第3章 魔法使いの国編

第39話 恋する魔法使いルビー その1

 私には好きな人がいる。


 片想いかもしれないし、両想いかもしれない。


 私はそれを、怖くて確かめることが出来ない。




「おっはよー! 千夏」

「おはよ。沙織」


 私の名前は山田千夏。

 16歳の高校一年生。

 で、さっき挨拶して来たのは同じクラスの友達、早川沙織。


「ね、千夏。私、好きな人出来ちゃった」

「え?」

「二組の慶太君」


 慶太は私の幼なじみだ。

 今でも、家が近いのと、親同士が仲良しなので、週に二回は会っている。

 小学校の頃、よく悪ガキにイジメられてたあいつを、助けてやったのは私だ。

 弱っちくて、男として最悪、絶対付き合いたくないと思ってた。

 ......っていうか、男としてすら、見てなかったかも。

 だけど、最近あいつ、男らしくなって来た。

 きっと、中学生の頃に部活(空手)やったり、生徒会やったり、私がのんびりしてる間に結構、修羅場(その言い方もちょっと変かな)をくぐって来たからかな。

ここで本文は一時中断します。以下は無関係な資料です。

definition C2_arc :: "(real \<Rightarrow> real^2) \<Rightarrow> real \<Rightarrow> real \<Rightarrow> bool" where
  "C2_arc \<gamma> a b \<longleftrightarrow> a < b \<and> inj_on \<gamma> {a..b} \<and>
     (\<forall>\<tau>\<in>{a..b}. \<gamma> differentiable (at \<tau> within {a..b})) \<and>
     (\<forall>\<tau>\<in>{a..b}. dcurve \<gamma> a b differentiable (at \<tau> within {a..b})) \<and>
     continuous_on {a..b} (\<lambda>\<tau>. vector_derivative (dcurve \<gamma> a b) (at \<tau> within {a..b})) \<and>
     (\<forall>\<tau>\<in>{a..b}. dcurve \<gamma> a b \<tau> \<noteq> 0)"

definition unit_normal :: "(real \<Rightarrow> real^2) \<Rightarrow> real \<Rightarrow> real \<Rightarrow> real \<Rightarrow> real^2" where
  "unit_normal \<gamma> a b \<tau> = (1 / norm (dcurve \<gamma> a b \<tau>)) *\<^sub>R
      vector [- (dcurve \<gamma> a b \<tau>)$2, (dcurve \<gamma> a b \<tau>)$1]"

definition triangle_elem :: "(real^2) set \<Rightarrow> (real^2) set \<Rightarrow> (real^2) set set \<Rightarrow> bool" where
  "triangle_elem T V Ed \<longleftrightarrow> (\<exists>p1 p2 p3. \<not> collinear {p1, p2, p3} \<and>
      T = convex hull {p1, p2, p3} \<and> V = {p1, p2, p3} \<and>
      Ed = {closed_segment p1 p2, closed_segment p2 p3, closed_segment p3 p1})"

definition rectangle_elem :: "(real^2) set \<Rightarrow> (real^2) set \<Rightarrow> (real^2) set set \<Rightarrow> bool" where
  "rectangle_elem T V Ed \<longleftrightarrow> (\<exists>(a::real^2) b. a$1 < b$1 \<and> a$2 < b$2 \<and> T = cbox a b \<and>
      (let p1 = a; p2 = vector [b$1, a$2]; p3 = b; p4 = vector [a$1, b$2] in
        V = {p1, p2, p3, p4} \<and>
        Ed = {closed_segment p1 p2, closed_segment p2 p3, closed_segment p3 p4, closed_segment p4 p1}))"
theorem theorem4p9:
  fixes M :: "'w measure" and F :: "nat \<Rightarrow> 'w measure"
    and X :: "nat \<Rightarrow> 'w \<Rightarrow> real"
    and q p :: real and k :: nat and f :: "real \<Rightarrow> real"
  assumes prob: "prob_space M"
    and q: "0 \<le> q" "q \<le> 1"
    and p: "0 < p" "p < 1" "p \<noteq> 1/2"
    and k: "k \<ge> 1"
    and f: "\<forall>x\<in>{0..1}. f x \<in> {0..1}"
    and filt_sub: "\<forall>n. subalgebra M (F n)"
    and filt_mono: "\<forall>n m. n \<le> m \<longrightarrow> sets (F n) \<subseteq> sets (F m)"
    and adapted: "\<forall>n. X n \<in> borel_measurable (F n)"
    and X0: "\<forall>\<omega>\<in>space M. X 0 \<omega> = 0"
    and Xpm: "\<forall>n\<ge>1. \<forall>\<omega>\<in>space M. X n \<omega> \<in> {-1, 1}"
    and init_indep: "prob_space.indep_vars M (\<lambda>_. borel) X {1..k}"
    and init_law: "\<forall>i\<in>{1..k}. measure M {\<omega>\<in>space M. X i \<omega> = 1} = q"
    and step: "\<forall>n\<ge>k. \<forall>A\<in>sets (F n).
        measure M (A \<inter> {\<omega>\<in>space M. X (Suc n) \<omega> = 1}) =
        integral\<^sup>L M (\<lambda>\<omega>. indicator A \<omega> * samp_prob k n (g_fun p f) (\<lambda>i. X i \<omega>))"
    and A: "(p > 1/2 \<and> f 1 < p / (2*p - 1)) \<or> (p < 1/2 \<and> f 0 < (1 - p) / (1 - 2*p))"
  shows
    "(\<forall>xs. xs \<in> {-1..1} \<and> H_fun k (g_fun p f) xs = xs \<and>
            (\<forall>y\<in>{-1..1}. H_fun k (g_fun p f) y = y \<longrightarrow> y = xs) \<longrightarrow>
          (AE \<omega> in M. (\<lambda>n. (\<Sum>i=1..n. X i \<omega>) / real n) \<longlonglongrightarrow> xs))
     \<and> ((strict_antimono_on {-1<..<1} (H_fun k (g_fun p f))
          \<or> strictly_convex_on {-1<..<1} (H_fun k (g_fun p f))
          \<or> strictly_concave_on {-1<..<1} (H_fun k (g_fun p f))
          \<or> contraction_on {-1<..<1} (H_fun k (g_fun p f))) \<longrightarrow>
        (\<exists>xs\<in>{-1<..<1}. H_fun k (g_fun p f) xs = xs \<and>
            (\<forall>y\<in>{-1<..<1}. H_fun k (g_fun p f) y = y \<longrightarrow> y = xs) \<and>
            (AE \<omega> in M. (\<lambda>n. (\<Sum>i=1..n. X i \<omega>) / real n) \<longlonglongrightarrow> xs)))"
proof -
  let ?H = "H_fun k (g_fun p f)"
  interpret inward_map ?H
    using inward_map_H_fun_g_fun[OF p(1,2) f k] .
  interpret sampling_walk M F X k "g_fun p f"
    using sampling_walk_axioms.intro[OF k g_fun_grid_in_unit[OF p(1,2) f] filt_sub[rule_format]
        filt_mono[rule_format] adapted[rule_format] Xpm[rule_format] step[rule_format]]
    by (rule sampling_walk.intro[OF prob])
  have limit: "AE \<omega> in M. (\<lambda>n. (\<Sum>i=1..n. X i \<omega>) / real n) \<longlonglongrightarrow> xs"
    if "xs \<in> {-1..1}" "\<forall>y\<in>{-1..1}. ?H y = y \<longrightarrow> y = xs" for xs
    by (rule AE_average_tendsto_fixed_point[OF inward_map_axioms that])
  show ?thesis
  proof (intro conjI allI impI)
    fix xs assume "xs \<in> {-1..1} \<and> ?H xs = xs \<and> (\<forall>y\<in>{-1..1}. ?H y = y \<longrightarrow> y = xs)"
    then show "AE \<omega> in M. (\<lambda>n. (\<Sum>i=1..n. X i \<omega>) / real n) \<longlonglongrightarrow> xs"
      using limit by blast
  next
    assume "strict_antimono_on {-1<..<1} ?H \<or> strictly_convex_on {-1<..<1} ?H
      \<or> strictly_concave_on {-1<..<1} ?H \<or> contraction_on {-1<..<1} ?H"
    then obtain z where "z \<in> {-1<..<1}" "?H z = z" and unique: "\<forall>y\<in>{-1..1}. ?H y = y \<longrightarrow> y = z"
      using unique_fixed_point_exists by blast
    moreover have "AE \<omega> in M. (\<lambda>n. (\<Sum>i=1..n. X i \<omega>) / real n) \<longlonglongrightarrow> z"
      using limit[OF _ unique] \<open>z \<in> {-1<..<1}\<close> by simp
    ultimately show "\<exists>xs\<in>{-1<..<1}. ?H xs = xs \<and> (\<forall>y\<in>{-1<..<1}. ?H y = y \<longrightarrow> y = xs) \<and>
        (AE \<omega> in M. (\<lambda>n. (\<Sum>i=1..n. X i \<omega>) / real n) \<longlonglongrightarrow> xs)"
      by auto
  qed
qed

 それに、最近、肩幅とか広くなって、声も低くなって来てる。

 ちょっと会うたびに、私の中に新しい感情が湧いて来る。

 ドキドキが止まらないよ。


「今日、告白するんだ」

「ええっ!?」

「私、欲しいものは絶対手に入れる主義なんだ」


 沙織は私なんかと比べて、猫みたいな大きな目をしててメチャクチャ可愛い。

 私はいたって日本人といった感じの薄い顔だ。

 ......勝てるわけがない。


 放課後。


 沙織が教室を出て屋上に向かう。

 私はその後をつける。


「おい、山田」

「はっ、はい!」


 担任の桐山先生だ。


「お前、今日、掃除当番だろ?」

「あっ、はっ......はい!」


 こんな時に、もうっ!

 今頃、沙織のやつ、慶太に告白してるのかな。

 手とか繋いで、一緒にマックとか行こうね、とか言ってるのかな......。


 クソォ!


 握り締めた竹ぼうきの柄がひしゃげた。

 私しかいない教室に、眩しいくらいの西日が差す。

 オレンジ色になった私は、なんで、もっと早く慶太に告白しなかったのだろうと後悔して泣いた。


「千夏」


 その声は慶太。

 私は振り向いた。

 廊下から彼が手を振っている。

 私はたまらなくなって、教室を飛び出し彼に抱きついた。


「好きなのぉ!」

「俺もだよ」




 慶太は沙織の告白を断ったそうだ。

 私のために。

 二人の帰り道、青信号になるのを待ちながら、どちらからともなく、気が付くと手を繋いでた。

 車側の信号が青から赤に変わろうとしている。


ゴオオオオ!


 渡り切ろうと無茶をする一台のトラック。

 猛然と横断歩道に侵入して来た。


「あっ!」


 私は背中に物凄い衝撃を感じた。

 いつの間にか、慶太と繋いでいた手がほどかれていた。


 まずいっ!


 身体がつんのめり、横断歩道に入ってしまう。

 体勢を立て直すことが出来ない。

 だけど、何とか堪えようと首を後ろにそらすと、


 中指を立て、笑顔でこちらを見ている沙織。


「そっ、そんな!」


 その瞬間、私はトラックにはねられ宙を舞っていた。


◇◇


「また、この夢か......」


 16歳の誕生日から、この夢を見るようになった。

 それをキッカケに前世の記憶、つまり転生前の記憶が次々と蘇って来た。


 私は魔法使いルビーじゃない。

 普通の16歳の女子高生、山田千夏だ。